Sorry bout that. Was just trying to let my fellow nexus owners in on some info if they haven't heard.

Sent from my Galaxy Nexus using Tapatalk 2


----------



## rodzero (Mar 7, 2012)

killer. this was one app that i was waiting on. i even took time out of my normal wasted time on the web to email hbo to ask them why they werent updating the app. thanks for the heads up.


----------



## blaineevans (Jul 11, 2011)

housry23 said:


> I've never understood this kind of comment. I used to see it all the time when I spent more time on the other Android hacking forum, but stuff like this made me find other solutions to get me Roms and what not. That's how I found RootzWiki and I love it, but it just seems like more and more of the same kids are making their way over here. Why even read or post in a thread that you are not interested in? I for one didn't know it was updated to work with ICS and found this thread useful. Just because you don't use something doesn't mean others don't.
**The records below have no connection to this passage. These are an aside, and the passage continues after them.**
(* Let $n,d,t$ be integers with $3\le t\le d-2$ and $d\le n-3$, and let $a,b$ be positive integers with $a+b=n-d-1$. Let $H_{n,d,t;a,b}$ be the graph obtained from the disjoint union of a path $v_1v_2\dots v_{d+1}$, a complete graph $K_a$ and a complete graph $K_b$ by adding all edges between every vertex of $K_a$ and each of $v_{t-2},v_{t-1},v_t$, and all edges between every vertex of $K_b$ and each of $v_t,v_{t+1},v_{t+2}$. Then $\mu_{n-d}(H_{n,d,t;a,b})<n-d+2$.
   Context: For a graph $G$ of order $n$, $\mu_1(G)\ge\mu_2(G)\ge\dots\ge\mu_n(G)$ denote the eigenvalues of the Laplacian matrix $L(G)=D(G)-A(G)$. *)

theory Defs
  imports "Jordan_Normal_Form.Char_Poly" "HOL-Computational_Algebra.Polynomial_Factorial"
begin

(* Simple graphs on vertex set {0..<n} given by a symmetric irreflexive adjacency predicate. *)

definition laplacian :: "nat \<Rightarrow> (nat \<Rightarrow> nat \<Rightarrow> bool) \<Rightarrow> real mat" where
  "laplacian n adj = mat n n (\<lambda>(i,j).
     if i = j then real (card {k. k < n \<and> adj i k})
     else if adj i j then -1 else 0)"

(* Eigenvalues of a real matrix with real spectrum, with multiplicity, in non-increasing order *)
definition eigs_desc :: "real mat \<Rightarrow> real list" where
  "eigs_desc M = rev (sorted_list_of_multiset (proots (char_poly M)))"

(* mu M k = k-th largest eigenvalue (1-indexed) *)
definition mu :: "real mat \<Rightarrow> nat \<Rightarrow> real" where
  "mu M k = eigs_desc M ! (k - 1)"

(* The graph H_{n,d,t;a,b}, n = d+1+a+b.
   Path vertex v_i (1 \<le> i \<le> d+1) is the number i-1; K_a occupies {d+1..d+a},
   K_b occupies {d+a+1..d+a+b}. *)
definition H_adj :: "nat \<Rightarrow> nat \<Rightarrow> nat \<Rightarrow> nat \<Rightarrow> nat \<Rightarrow> nat \<Rightarrow> bool" where
  "H_adj d t a b i j \<longleftrightarrow> i \<noteq> j \<and> (
     let inP = (\<lambda>x. x \<le> d);
         inA = (\<lambda>x. d + 1 \<le> x \<and> x \<le> d + a);
         inB = (\<lambda>x. d + a + 1 \<le> x \<and> x \<le> d + a + b);
         nbA = {t - 3, t - 2, t - 1};
         nbB = {t - 1, t, t + 1}
     in (inP i \<and> inP j \<and> (i = j + 1 \<or> j = i + 1))
      \<or> (inA i \<and> inA j) \<or> (inB i \<and> inB j)
      \<or> (inA i \<and> j \<in> nbA) \<or> (inA j \<and> i \<in> nbA)
      \<or> (inB i \<and> j \<in> nbB) \<or> (inB j \<and> i \<in> nbB))"

end

theory Submission
  imports Defs "Jordan_Normal_Form.Schur_Decomposition"
begin

(* On the hyperplane of vectors vanishing at the vertex v_t the Laplacian quadratic form of H
   is at most (a + b + 8/3) |x|^2.  A real symmetric matrix has orthogonal eigenvectors for its
   two largest eigenvalues, and some nonzero combination of them vanishes at v_t; so
   mu_2 < a + b + 3 = n - d + 2, and mu_(n-d) <= mu_2.

   For the bound on the hyperplane, the form splits into the squared differences along the two
   path segments left after deleting v_t, and one term for each clique together with its three
   attachment vertices.  Completing a square in the clique terms, and a weighted AM-GM estimate
   along each path segment, leave every vertex with coefficient at most a + b + 8/3. *)

section \<open>Real symmetric matrices\<close>

lemma conjugate_real_mat_mult_vec:
  fixes A :: "real mat"
  assumes A: "A \<in> carrier_mat n n" and u: "u \<in> carrier_vec n"
  shows "conjugate (map_mat complex_of_real A *\<^sub>v u) = map_mat complex_of_real A *\<^sub>v conjugate u"
proof (rule eq_vecI)
  fix i assume "i < dim_vec (map_mat complex_of_real A *\<^sub>v conjugate u)"
  then have i: "i < n" using A by simp
  show "conjugate (map_mat complex_of_real A *\<^sub>v u) $ i = (map_mat complex_of_real A *\<^sub>v conjugate u) $ i"
    using A u i by (simp add: scalar_prod_def)
qed (use A in simp)

lemma eigenvalue_real_if_symmetric:
  fixes A :: "real mat"
  assumes A: "A \<in> carrier_mat n n" and sym: "transpose_mat A = A"
    and ev: "eigenvalue (map_mat complex_of_real A) z"
  shows "z \<in> \<real>"
proof -
  let ?A = "map_mat complex_of_real A"
  have A': "?A \<in> carrier_mat n n" and sym': "transpose_mat ?A = ?A"
    using A sym by (auto simp: map_mat_transpose)
  obtain u where u: "u \<in> carrier_vec n" "u \<noteq> 0\<^sub>v n" and Au: "?A *\<^sub>v u = z \<cdot>\<^sub>v u"
    using ev A' unfolding eigenvalue_def eigenvector_def by auto
  have "z * (u \<bullet>c u) = (?A *\<^sub>v u) \<bullet>c u"
    using u by (simp add: Au)
  also have "\<dots> = u \<bullet> (?A *\<^sub>v conjugate u)"
    using transpose_vec_mult_scalar[OF A', of "conjugate u" u] u sym' by simp
  also have "\<dots> = cnj z * (u \<bullet>c u)"
    using u A by (simp flip: conjugate_real_mat_mult_vec add: Au conjugate_smult_vec)
  finally have "z = cnj z"
    using u by simp
  then show ?thesis
    by (metis Reals_cnj_iff)
qed

lemma char_poly_splits_if_symmetric:
  fixes A :: "real mat"
  assumes A: "A \<in> carrier_mat n n" and sym: "transpose_mat A = A"
  obtains es where "char_poly A = (\<Prod>e\<leftarrow>es. [:-e, 1:])"
proof -
  interpret of_real: map_poly_inj_idom_hom complex_of_real ..
  let ?A = "map_mat complex_of_real A"
  have A': "?A \<in> carrier_mat n n" using A by simp
  obtain zs where zs: "char_poly ?A = (\<Prod>z\<leftarrow>zs. [:-z, 1:])"
    using char_poly_factorized[OF A'] by blast
  have "z \<in> \<real>" if "z \<in> set zs" for z
  proof (rule eigenvalue_real_if_symmetric[OF A sym])
    have "poly (char_poly ?A) z = 0" unfolding zs using that by (rule linear_poly_root)
    then show "eigenvalue ?A z" using eigenvalue_root_char_poly[OF A'] by simp
  qed
  then have real_factors: "(\<Prod>z\<leftarrow>zs. [:-z, 1:]) = map_poly complex_of_real (\<Prod>e\<leftarrow>map Re zs. [:-e, 1:])"
    unfolding of_real.hom_prod_list map_map o_def
    by (intro arg_cong[of _ _ prod_list] map_cong) (auto elim!: Reals_cases)
  have "map_poly complex_of_real (char_poly A) = char_poly ?A"
    by (rule of_real_hom.char_poly_hom[OF A, symmetric])
  also have "\<dots> = map_poly complex_of_real (\<Prod>e\<leftarrow>map Re zs. [:-e, 1:])"
    using zs real_factors by simp
  finally have "char_poly A = (\<Prod>e\<leftarrow>map Re zs. [:-e, 1:])"
    by (rule of_real.injectivity)
  then show thesis by (rule that)
qed

lemma eigs_desc_eq_rev_sort:
  assumes "char_poly A = (\<Prod>e\<leftarrow>es. [:-e, 1:])"
  shows "eigs_desc A = rev (sort es)"
proof -
  have "proots (\<Prod>e\<leftarrow>es. [:-e, 1:]) = mset es"
  proof (induction es)
    case (Cons e es)
    have "(\<Prod>e\<leftarrow>es. [:-e, 1:]) \<noteq> 0" by (auto simp: prod_list_zero_iff)
    with Cons show ?case by (simp add: proots_mult del: mult_pCons_left)
  qed simp
  then show ?thesis
    unfolding eigs_desc_def assms by (simp add: sorted_list_of_multiset_mset)
qed

lemma schur_leading_columns:
  fixes A :: "real mat"
  assumes A: "A \<in> carrier_mat n n" and cp: "char_poly A = (\<Prod>e\<leftarrow>e1 # e2 # es. [:-e, 1:])"
  obtains u p Q \<beta> where "u \<in> carrier_vec n" "p \<in> carrier_vec n" "Q \<in> carrier_mat n n" "2 \<le> n"
    "Q *\<^sub>v u = unit_vec n 0" "Q *\<^sub>v p = unit_vec n 1"
    "A *\<^sub>v u = e1 \<cdot>\<^sub>v u" "A *\<^sub>v p = \<beta> \<cdot>\<^sub>v u + e2 \<cdot>\<^sub>v p"
proof -
  obtain B P Q where "schur_decomposition A (e1 # e2 # es) = (B, P, Q)"
    by (cases "schur_decomposition A (e1 # e2 # es)") auto
  from schur_decomposition[OF A cp this] A
  have B: "B \<in> carrier_mat n n" and P: "P \<in> carrier_mat n n" and Q: "Q \<in> carrier_mat n n"
    and QP: "Q * P = 1\<^sub>m n" and APBQ: "A = P * B * Q"
    and triangular: "upper_triangular B" and diag: "diag_mat B = e1 # e2 # es"
    unfolding similar_mat_wit_def Let_def by auto
  have n: "2 \<le> n" using arg_cong[OF diag, of length] B by (simp add: diag_mat_def)
  have diag_nth: "(e1 # e2 # es) ! i = B $$ (i, i)" if "i < n" for i
    using that B unfolding diag[symmetric] diag_mat_def by simp
  have B00: "B $$ (0, 0) = e1" and B11: "B $$ (1, 1) = e2"
    using diag_nth[of 0] diag_nth[of 1] n by simp_all
  have "A * P = P * B * (Q * P)"
    unfolding APBQ using P B Q by (metis assoc_mult_mat mult_carrier_mat)
  then have AP: "A * P = P * B" using P B QP by simp
  have P_unit: "P *\<^sub>v unit_vec n j = col P j" if "j < n" for j
    using col_mult2[OF P one_carrier_mat that] P that by simp
  have A_col: "A *\<^sub>v col P j = P *\<^sub>v col B j" if "j < n" for j
    using col_mult2[OF A P, of j] col_mult2[OF P B, of j] that AP by simp
  have "col B 0 = e1 \<cdot>\<^sub>v unit_vec n 0"
    using B B00 triangular n by (intro eq_vecI) (auto simp: upper_triangular_def)
  then have "A *\<^sub>v col P 0 = e1 \<cdot>\<^sub>v col P 0"
    using A_col[of 0] P_unit[of 0] P n by (simp add: mult_mat_vec)
  moreover have "col B 1 = B $$ (0, 1) \<cdot>\<^sub>v unit_vec n 0 + e2 \<cdot>\<^sub>v unit_vec n 1"
    using B B11 triangular n by (intro eq_vecI) (auto simp: upper_triangular_def)
  then have "A *\<^sub>v col P 1 = B $$ (0, 1) \<cdot>\<^sub>v col P 0 + e2 \<cdot>\<^sub>v col P 1"
    using A_col[of 1] P_unit[of 0] P_unit[of 1] P n
    by (simp add: mult_add_distrib_mat_vec[OF P] mult_mat_vec[OF P])
  moreover have "Q *\<^sub>v col P j = unit_vec n j" if "j < n" for j
    using col_mult2[OF Q P that] QP that by simp
  ultimately show thesis
    using that[of "col P 0" "col P 1" Q "B $$ (0, 1)"] P Q n by (simp add: carrier_vecI)
qed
1) It's a comment for lawls.
2) RootzWiki was my first, and really my only Android-based forum.
3) Your comment was also not "really" constructive.
4) The jokes on me, I originally read it as *not* working with ICS, which led me to the aforementioned post.
5) Touché.









Sent from my Galaxy Nexus using Tapatalk 2


----------



## execute.method (Sep 7, 2011)

housry23 said:


> I've never understood this kind of comment. I used to see it all the time when I spent more time on the other Android hacking forum, but stuff like this made me find other solutions to get me Roms and what not. That's how I found RootzWiki and I love it, but it just seems like more and more of the same kids are making their way over here. Why even read or post in a thread that you are not interested in? I for one didn't know it was updated to work with ICS and found this thread useful. Just because you don't use something doesn't mean others don't.


Here ya go:
http://knowyourmeme.com/memes/cool-story-bro

Sent from my (*) using Tapafux.


----------



## housry23 (Aug 25, 2011)

execute.method said:


> Here ya go:
> http://knowyourmeme..../cool-story-bro
> 
> Sent from my (*) using Tapafux.


Lol! Thanks for the link! def got a good laugh out of that


----------



## malarks26 (May 31, 2012)

Anybody know when the HBO GO app will be available on te HP Touchpad with Cyanogenmod 9 Alpha 2 installed? 
in Google Play it says my device is not compatibe with the app.


----------